Miss Walker gave him a pitying look. “You already know the answer, James. This projection is based upon the guilds continuing to pull their weight. If we started to actively persecute every crime they commit, we’d simply not have enough forces to clear the dungeons that keep spawning.”

He gritted his teeth, angry at himself for being able to see sense in her words. “Which means we just have to accept them acting like organized crime syndicates, slowly eroding society away until we are nothing but a bunch of fiefs? Do we have no hope then?”

The woman’s eyes softened, and she patted his hand in a show of comfort. “That projection is only expected to come true if nothing changes. Now, the latest studies expect the mana levels around the planet to plateau around mid-century, which means we are not necessarily done for.”

That was a huge relief, but if it was true, that begged the question “But then why? Why not slowly deal with the most rotten guilds, leaving the righteous ones to help protect the Earth?”

“What makes you think that’s not exactly what’s going on?”

The question stunned James briefly, but he quickly reached the correct conclusion “So you are allowing them to basically tie their nooses with their own hands!”

“Exactly. It will take some time, and some crimes are less urgent than others. Guilds like the Radiant are not worth the effort cleaning them up would require.” She raised a hand, stopping the complaint forming on his lips “The presence of Esposito at your confrontation with their thugs should tell you how intertwined they are with the Golden Sun, and that is a heavy weight we simply cannot move against lightly.”

“So they can continue to siphon off resources from the AA, because they still take less than what would be required to eradicate them.” James concluded with a heavy heart.
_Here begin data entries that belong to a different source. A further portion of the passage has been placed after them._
lemma hecke_equiv_append: "xs \<approx> ys \<Longrightarrow> as @ xs @ bs \<approx> as @ ys @ bs"
  by (simp add: hecke_equiv_def)

definition far :: "nat \<Rightarrow> nat \<Rightarrow> bool" where
  "far x y \<longleftrightarrow> Suc x < y \<or> Suc y < x"

lemma hecke_equiv_swap: "far x y \<Longrightarrow> [x, y] \<approx> [y, x]"
  using hecke_commute[of x y] hecke_commute[of y x] by (auto simp: hecke_equiv_def far_def)

lemma hecke_equiv_braid: "[a, Suc a, a] \<approx> [Suc a, a, Suc a]"
  using hecke_braid by (simp add: hecke_equiv_def)

lemma hecke_equiv_commute_letter: "\<forall>x\<in>set xs. far x c \<Longrightarrow> xs @ [c] \<approx> c # xs"
proof (induction xs)
  case (Cons x xs)
  have "(x # xs) @ [c] = [x] @ (xs @ [c]) @ []" by simp
  also have "\<dots> \<approx> [x] @ (c # xs) @ []"
    using Cons by (intro hecke_equiv_append) auto
  also have "\<dots> = [] @ [x, c] @ xs" by simp
  also have "\<dots> \<approx> [] @ [c, x] @ xs"
    using Cons by (intro hecke_equiv_append hecke_equiv_swap) auto
  finally show ?case by simp
qed simp

lemma hecke_equiv_commute: "\<forall>x\<in>set xs. \<forall>y\<in>set ys. far x y \<Longrightarrow> xs @ ys \<approx> ys @ xs"
proof (induction ys)
  case (Cons y ys)
  have "xs @ y # ys = [] @ (xs @ [y]) @ ys" by simp
  also have "\<dots> \<approx> [] @ (y # xs) @ ys"
    using Cons by (intro hecke_equiv_append hecke_equiv_commute_letter) auto
  also have "\<dots> = [y] @ (xs @ ys) @ []" by simp
  also have "\<dots> \<approx> [y] @ (ys @ xs) @ []"
    using Cons by (intro hecke_equiv_append) auto
  finally show ?case by simp
qed simp

lemma hecke_equiv_commute_within:
  "\<forall>x\<in>set xs. \<forall>y\<in>set ys. far x y \<Longrightarrow> as @ xs @ ys @ bs \<approx> as @ ys @ xs @ bs"
  using hecke_equiv_append[OF hecke_equiv_commute] by simp

definition down :: "nat \<Rightarrow> nat \<Rightarrow> nat list" where
  "down a b = rev [a..<b]"

lemma set_down [simp]: "set (down a b) = {a..<b}"
  by (simp add: down_def)

lemma down_self [simp]: "down a a = []"
  by (simp add: down_def)

lemma down_split: "a \<le> m \<Longrightarrow> m \<le> b \<Longrightarrow> down a b = down m b @ down a m"
  unfolding down_def using upt_add_eq_append[of a m "b - m"] by simp

lemma down_Suc: "a \<le> b \<Longrightarrow> down a (Suc b) = b # down a b"
  by (simp add: down_def)

text \<open>Commute \<open>c\<close> next to the letters \<open>c, c - 1\<close> of the run, apply the braid relation,
  and commute the new letter \<open>c - 1\<close> to the front.\<close>
lemma down_append_letter:
  assumes "a < c" "c < b"
  shows "down a b @ [c] \<approx> (c - 1) # down a b"
proof -
  obtain d where d: "c = Suc d" using assms by (cases c) auto
  have split: "down a b = down (Suc c) b @ [c, d] @ down a d"
  proof -
    have "down a b = down (Suc c) b @ down d (Suc c) @ down a d"
      using assms d down_split[of a d b] down_split[of d "Suc c" b] by simp
    moreover have "down d (Suc c) = [c, d]" using d by (simp add: down_Suc)
    ultimately show ?thesis by simp
  qed
  have "down a b @ [c] = (down (Suc c) b @ [c, d]) @ (down a d @ [c]) @ []"
    using split by simp
  also have "\<dots> \<approx> (down (Suc c) b @ [c, d]) @ (c # down a d) @ []"
    by (intro hecke_equiv_append hecke_equiv_commute_letter) (auto simp: far_def d)
  also have "\<dots> = down (Suc c) b @ [c, d, c] @ down a d" by simp
  also have "\<dots> \<approx> down (Suc c) b @ [d, c, d] @ down a d"
    using hecke_equiv_sym[OF hecke_equiv_braid[of d]] d by (intro hecke_equiv_append) simp
  also have "\<dots> = [] @ (down (Suc c) b @ [d]) @ ([c, d] @ down a d)" by simp
  also have "\<dots> \<approx> [] @ (d # down (Suc c) b) @ ([c, d] @ down a d)"
    by (intro hecke_equiv_append hecke_equiv_commute_letter) (auto simp: far_def d)
  also have "\<dots> = (c - 1) # down a b" using split d by simp
  finally show ?thesis .
qed

lemma down_append:
  "\<forall>c\<in>set L. a < c \<and> c < b \<Longrightarrow> down a b @ L \<approx> map (\<lambda>x. x - 1) L @ down a b"
proof (induction L)
  case (Cons c L)
  have "down a b @ c # L = [] @ (down a b @ [c]) @ L" by simp
  also have "\<dots> \<approx> [] @ ((c - 1) # down a b) @ L"
    using Cons by (intro hecke_equiv_append down_append_letter) auto
  also have "\<dots> = [c - 1] @ (down a b @ L) @ []" by simp
  also have "\<dots> \<approx> [c - 1] @ (map (\<lambda>x. x - 1) L @ down a b) @ []"
    using Cons by (intro hecke_equiv_append) auto
  finally show ?case by simp
qed simp

section \<open>Reading words of pipe dreams\<close>

definition row :: "(nat \<times> nat) set \<Rightarrow> nat \<Rightarrow> nat set" where
  "row D r = {c. (r, c) \<in> D}"

definition row_word :: "nat \<Rightarrow> nat set \<Rightarrow> nat list" where
  "row_word r X = map (\<lambda>c. r + c - 1) (rev (sorted_list_of_set X))"

lemma finite_row: "finite D \<Longrightarrow> finite (row D r)"
  by (rule finite_subset[of _ "snd ` D"]) (force simp: row_def)+

lemma set_row_word: "finite X \<Longrightarrow> set (row_word r X) = (\<lambda>c. r + c - 1) ` X"
  by (simp add: row_word_def)

lemma row_word_union:
  assumes "finite A" "finite B" "\<forall>x\<in>A. \<forall>y\<in>B. y < x"
  shows "row_word r (A \<union> B) = row_word r A @ row_word r B"
proof -
  have "sorted_list_of_set (A \<union> B) = sorted_list_of_set B @ sorted_list_of_set A"
  proof (rule sorted_distinct_set_unique)
    show "sorted (sorted_list_of_set B @ sorted_list_of_set A)"
      unfolding sorted_append using assms by (simp add: less_imp_le)
    show "distinct (sorted_list_of_set B @ sorted_list_of_set A)"
      unfolding distinct_append using assms by (simp add: disjoint_iff) (meson less_asym')
    show "set (sorted_list_of_set (A \<union> B)) = set (sorted_list_of_set B @ sorted_list_of_set A)"
      using assms by (simp add: Un_commute)
  qed simp_all
  then show ?thesis by (simp add: row_word_def)
qed

lemma row_word_split_at:
  assumes "finite K" "p \<notin> K"
  shows "row_word r K = row_word r {c\<in>K. p < c} @ row_word r {c\<in>K. c < p}"
proof -
  have "K = {c\<in>K. p < c} \<union> {c\<in>K. c < p}" using assms(2) by (auto, metis linorder_neqE_nat)
  then show ?thesis using assms(1) by (metis (no_types, lifting) row_word_union
    finite_Un mem_Collect_eq less_trans)
qed

lemma row_word_interval:
  assumes "1 \<le> a"
  shows "row_word r {a..<b} = down (r + a - 1) (r + b - 1)"
proof -
  have "map (\<lambda>c. r + c - 1) [a..<b] = [r + a - 1..<r + b - 1]"
  proof (induction b)
    case (Suc b)
    show ?case
    proof (cases "a \<le> b")
      case True
      have "r + Suc b - 1 = Suc (r + b - 1)" using True assms by simp
      then have "[r + a - 1..<r + Suc b - 1] = [r + a - 1..<r + b - 1] @ [r + b - 1]"
        using True by (simp only: upt_Suc_append)
      then show ?thesis using Suc True by simp
    qed simp
  qed simp
  then show ?thesis by (simp add: row_word_def down_def flip: rev_map)
qed

lemma map_pred_row_word: "map (\<lambda>x. x - 1) (row_word (Suc r) X) = row_word r X"
  by (simp add: row_word_def)

lemma down_append_row_word:
  assumes "finite X" "\<forall>c\<in>X. a < i + c \<and> i + c < b"
  shows "down a b @ row_word (Suc i) X \<approx> row_word i X @ down a b"
proof -
  have "down a b @ row_word (Suc i) X \<approx> map (\<lambda>x. x - 1) (row_word (Suc i) X) @ down a b"
    by (rule down_append) (use assms in \<open>force simp: set_row_word\<close>)
  then show ?thesis by (simp only: map_pred_row_word)
qed
lemma xi_mu_bounded: "\<exists>C. \<forall>s\<in>{a..b}. \<bar>xi_mu s\<bar> \<le> C"
proof -
  obtain B where B: "\<forall>u\<in>{a-p..b}. \<bar>x_ext u\<bar> \<le> B" using x_ext_bounded by blast
  obtain F where F: "F \<ge> 0" "\<forall>u. \<bar>f_mu u\<bar> \<le> F" using f_mu_bounded by blast
  have "\<bar>xi_mu s\<bar> \<le> F * B * measure lborel {-p..0}" if s: "s \<in> {a..b}" for s
    unfolding xi_mu_def
  proof (rule abs_set_integral_le_bound)
    have "\<forall>u\<in>{s-p..s}. \<bar>x_ext u\<bar> \<le> B" using B s by auto
    then show "\<forall>u\<in>{-p..0}. \<bar>f_mu u * x_ext (s + u)\<bar> \<le> F * B"
      using xi_mu_integrand_bounded F by blast
  qed (auto simp: emeasure_lborel_Icc_eq)
  then show ?thesis by blast
qed

lemma xi_nu_bounded: "\<exists>C. \<forall>s\<in>{a..b}. \<bar>xi_nu s\<bar> \<le> C"
proof -
  obtain B where B: "B \<ge> 0" "\<forall>v\<in>{a-q<..b}. \<bar>x_left v\<bar> \<le> B" using x_left_bounded by blast
  obtain F where F: "F \<ge> 0" "\<forall>u. \<bar>f_nu u\<bar> \<le> F" using f_nu_bounded by blast
  have "\<bar>xi_nu s\<bar> \<le> F * B * measure mu_S {a-q<..b}" if s: "s \<in> {a..b}" for s
  proof -
    have "\<bar>xi_nu s\<bar> \<le> F * B * measure mu_S {s-q<..s}"
      unfolding xi_nu_def
    proof (rule abs_set_integral_le_bound)
      show "\<forall>v\<in>{s-q<..s}. \<bar>f_nu (v - s) * x_left v\<bar> \<le> F * B"
        unfolding abs_mult using B F s by (intro ballI mult_mono) auto
    qed (use emeasure_interval_measure_Ioc_finite in auto)
    also have "\<dots> \<le> F * B * measure mu_S {a-q<..b}"
      using s B(1) F(1) emeasure_interval_measure_Ioc_finite
      by (intro mult_left_mono measure_mono_fmeasurable) (auto simp: fmeasurable_def)
    finally show ?thesis .
  qed
  then show ?thesis by blast
qed
(* Let $\alpha\in(0,2)$ and suppose $\liminf_{|x|\to\infty}\frac{e^{V(x)}}{|x|^{d+\alpha}}>0$. Let $\omega:\mathbb R^d\to(0,\infty)$ be continuous. Then there exists a constant $C_2(\omega)>0$ such that for all $f\in C_b^\infty(\mathbb R^d)$, $$\int\big(f(x)-\mu_V(f)\big)^2\frac{e^{V(x)}}{(1+|x|)^{d+\alpha}}\,\mu_V(dx)\le C_2(\omega)\int\omega(x)\int\frac{(f(y)-f(x))^2}{|y-x|^{d+\alpha}}\,dy\,\mu_V(dx).$$
   Context: Let $d\ge1$. $V:\mathbb R^d\to\mathbb R$ is a locally bounded measurable function such that $e^{-V}$ is bounded and $\int e^{-V(x)}dx<\infty$; $\mu_V(dx)=\frac{e^{-V(x)}}{\int e^{-V(y)}dy}dx$, and $\mu_V(f)=\int f\,d\mu_V$. $C_b^\infty(\mathbb R^d)$ is the set of smooth functions on $\mathbb R^d$ that are bounded together with all their derivatives. *)

theory Defs
  imports "HOL-Analysis.Analysis"
begin

text \<open>Smooth functions bounded together with all their derivatives (C_b^infinity).\<close>
coinductive Cb_inf :: "('a::euclidean_space \<Rightarrow> real) \<Rightarrow> bool" where
  "bounded (range f) \<Longrightarrow> (\<forall>x. f differentiable (at x)) \<Longrightarrow>
   (\<forall>i\<in>Basis. Cb_inf (\<lambda>x. frechet_derivative f (at x) i)) \<Longrightarrow> Cb_inf f"

definition Z_V :: "('a::euclidean_space \<Rightarrow> real) \<Rightarrow> real" where
  "Z_V V = (\<integral>y. exp (- V y) \<partial>lborel)"

definition mu_V :: "('a::euclidean_space \<Rightarrow> real) \<Rightarrow> 'a measure" where
  "mu_V V = density lborel (\<lambda>x. ennreal (exp (- V x) / Z_V V))"

definition mean_V :: "('a::euclidean_space \<Rightarrow> real) \<Rightarrow> ('a \<Rightarrow> real) \<Rightarrow> real" where
  "mean_V V f = (\<integral>x. f x \<partial>mu_V V)"

definition admissible_V :: "('a::euclidean_space \<Rightarrow> real) \<Rightarrow> bool" where
  "admissible_V V \<longleftrightarrow> V \<in> borel_measurable lborel
     \<and> (\<forall>K. compact K \<longrightarrow> bounded (V ` K))
     \<and> bounded (range (\<lambda>x. exp (- V x)))
     \<and> integrable lborel (\<lambda>x. exp (- V x))"

end

theory Submission
  imports Defs "HOL-Probability.Probability"
begin
subsection \<open>Cells of the points generated by the matrices\<close>

definition alg_cell ::
  "nat \<Rightarrow> nat \<Rightarrow> nat \<Rightarrow> (nat \<Rightarrow> nat \<Rightarrow> nat \<Rightarrow> 'a::field) \<Rightarrow> (nat \<Rightarrow> nat \<Rightarrow> 'a)
     \<Rightarrow> (nat \<Rightarrow> nat \<Rightarrow> 'a \<Rightarrow> nat) \<Rightarrow> (nat \<Rightarrow> nat) \<Rightarrow> nat \<Rightarrow> nat" where
  "alg_cell q s k C \<psi> lam a = restrict (\<lambda>i. cell_index q k (alg_digit C \<psi> lam a i)) {1..s}"

lemma alg_cell_apply: "i \<in> {1..s} \<Longrightarrow> alg_cell q s k C \<psi> lam a i = cell_index q k (alg_digit C \<psi> lam a i)"
  by (simp add: alg_cell_def)

lemma alg_digit_less: "lambda_bij q s lam \<Longrightarrow> i \<in> {1..s} \<Longrightarrow> 1 \<le> j \<Longrightarrow> alg_digit C \<psi> lam a i j < q"
  unfolding lambda_bij_def alg_digit_def using bij_betwE by blast

lemma alg_cell_in_PiE:
  assumes "0 < q" and "lambda_bij q s lam"
  shows "alg_cell q s k C \<psi> lam a \<in> PiE {1..s} (\<lambda>_. {..<q ^ k})"
proof -
  have "cell_index q k (alg_digit C \<psi> lam a i) < q ^ k" if "i \<in> {1..s}" for i
    using alg_digit_less[OF assms(2) that] by (intro cell_index_less[OF assms(1)]) simp
  then show ?thesis unfolding alg_cell_def by simp
qed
“That is correct.” Then, upon seeing his glum expression, she added “Still, that doesn’t mean nothing can be done about them. If I or other high-rankers were to move against them, it would immediately call the Golden Sun’s attention upon us. However, if a newly arrived rookie were to somehow find enough evidence of their crimes and managed to subdue them, well, there is a reason why high rankers avoid getting in the business of those weaker than them.”

A smile slowly crept up, James quickly grasping where she was going. “Just as you can’t get involved because of the Golden Sun, they cannot be the first to come into low ranker business because of you.”

Miss Walker stood up, gracing with an eye-smile “I can see that you have gotten an idea. Now, as a responsible adult, I must warn you not to do anything that would pit you against someone much stronger than you.”

“Of course, Miss. I would never.” That just means I have to hurry and reach D-rank. Just you wait, Callum Wright. You and your little band of criminals better enjoy your freedom while you have it.